Sam Fender singles chronology
| "Winter Song" (2020) | "Seventeen Going Under" (2021) | "Aye" (2021) |

Music video
- "Seventeen Going Under" on YouTube

= Seventeen Going Under (song) =

2021 single by Sam Fender

"Seventeen Going Under" is a song by English singer-songwriter Sam Fender. It was released on 7 July 2021 as the lead single from his second studio album of the same name. The song was written by Fender, and produced by Bramwell Bronte. It was a sleeper hit, peaking at number three on the UK Singles Chart on 7 January 2022, becoming Fender's then highest-charting career single to date. An acoustic version, featuring Holly Humberstone, was also released.

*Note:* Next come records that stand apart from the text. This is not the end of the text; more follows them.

definition AF :: "nat \<Rightarrow> 'a set \<Rightarrow> ('a \<Rightarrow> 'a) \<Rightarrow> ('a \<Rightarrow> 'a) \<Rightarrow> ('a \<Rightarrow> nat \<Rightarrow> nat)
    \<Rightarrow> (nat \<Rightarrow> nat) list \<Rightarrow> 'a \<Rightarrow> 'a \<Rightarrow> real" where
  "AF k L r s d F = (\<lambda>v w. \<Sum>a\<leftarrow>F. vmat_pow k L r s d a v w)"

definition well_chosen :: "nat \<Rightarrow> 'a set \<Rightarrow> ('a \<Rightarrow> 'a) \<Rightarrow> ('a \<Rightarrow> 'a) \<Rightarrow> ('a \<Rightarrow> nat \<Rightarrow> nat)
    \<Rightarrow> (nat \<Rightarrow> nat) list \<Rightarrow> bool" where
  "well_chosen k L r s d F \<longleftrightarrow>
     (\<forall>a\<in>set F. a \<in> degs k \<and> a \<noteq> (\<lambda>_. 0)) \<and>
     (\<forall>v\<in>verts L d. \<forall>w\<in>verts L d.
        AF k L r s d F v w > 0 \<longleftrightarrow>
        (\<exists>l\<in>degs k. l \<noteq> (\<lambda>_. 0) \<and> {p\<in>paths_deg L d l. r p = v \<and> s p = w} \<noteq> {}))"

text \<open>Spectral radius of the submatrix B^S (S finite): largest modulus of a complex
  eigenvalue of B^S (0 if there is none, i.e. S empty).\<close>
definition eigvals :: "'a set \<Rightarrow> ('a \<Rightarrow> 'a \<Rightarrow> real) \<Rightarrow> complex set" where
  "eigvals S B = {\<mu>. \<exists>x::'a \<Rightarrow> complex. (\<exists>v\<in>S. x v \<noteq> 0) \<and>
       (\<forall>v\<in>S. (\<Sum>w\<in>S. complex_of_real (B v w) * x w) = \<mu> * x v)}"

definition spec_rad :: "'a set \<Rightarrow> ('a \<Rightarrow> 'a \<Rightarrow> real) \<Rightarrow> real" where
  "spec_rad S B = Sup (insert 0 (cmod ` eigvals S B))"

definition vle :: "'a set \<Rightarrow> ('a \<Rightarrow> 'a) \<Rightarrow> ('a \<Rightarrow> 'a) \<Rightarrow> 'a \<Rightarrow> 'a \<Rightarrow> bool" where
  "vle L r s v w \<longleftrightarrow> (\<exists>l\<in>L. r l = v \<and> s l = w)"

definition vsim :: "'a set \<Rightarrow> ('a \<Rightarrow> 'a) \<Rightarrow> ('a \<Rightarrow> 'a) \<Rightarrow> 'a \<Rightarrow> 'a \<Rightarrow> bool" where
  "vsim L r s v w \<longleftrightarrow> vle L r s v w \<and> vle L r s w v"

definition is_component :: "'a set \<Rightarrow> ('a \<Rightarrow> 'a) \<Rightarrow> ('a \<Rightarrow> 'a) \<Rightarrow> ('a \<Rightarrow> nat \<Rightarrow> nat)
    \<Rightarrow> 'a set \<Rightarrow> bool" where
  "is_component L r s d C \<longleftrightarrow>
     (\<exists>v\<in>verts L d. C = {w\<in>verts L d. vsim L r s v w})"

"Seventeen Going Under" was named Hottest Record of the Year 2021 by BBC Radio 1 listeners and was voted number sixteen by Australian radio Triple J listeners on the Triple J Hottest 100 chart. It was also voted number one by more than 14,000 Radio X listeners for the Best of British 2022. In May 2022, the song won the Ivor Novello Award for Best Song Musically and Lyrically from the British Academy of Songwriters, Composers, and Authors. It received the 2022 Rolling Stone UK Award for Song of the Year Award.

==Background and release==
The song chronicles Fender's life at 17 when his mother, Shirley was afflicted with fibromyalgia and depressed because she could no longer work after 40 years of service as a nurse. She had become the owner of her apartment at 19 and had never missed a workday. Nevertheless, the Department for Work and Pensions began harassing her with letters and treating her unjustly. Fender was trying to help his mother financially but could not due to his young age. Fender recalled: "That's when my rose-tinted glasses fell off." He told Rolling Stone that it is "a letter to [his] 17 year old self", explaining: "17 is when all the challenges begin: you're not a baby, but you're definitely not an adult, I'm not even sure it'll happen at all for you, but growing up is for fools and the near dead, so stop being so serious all the time".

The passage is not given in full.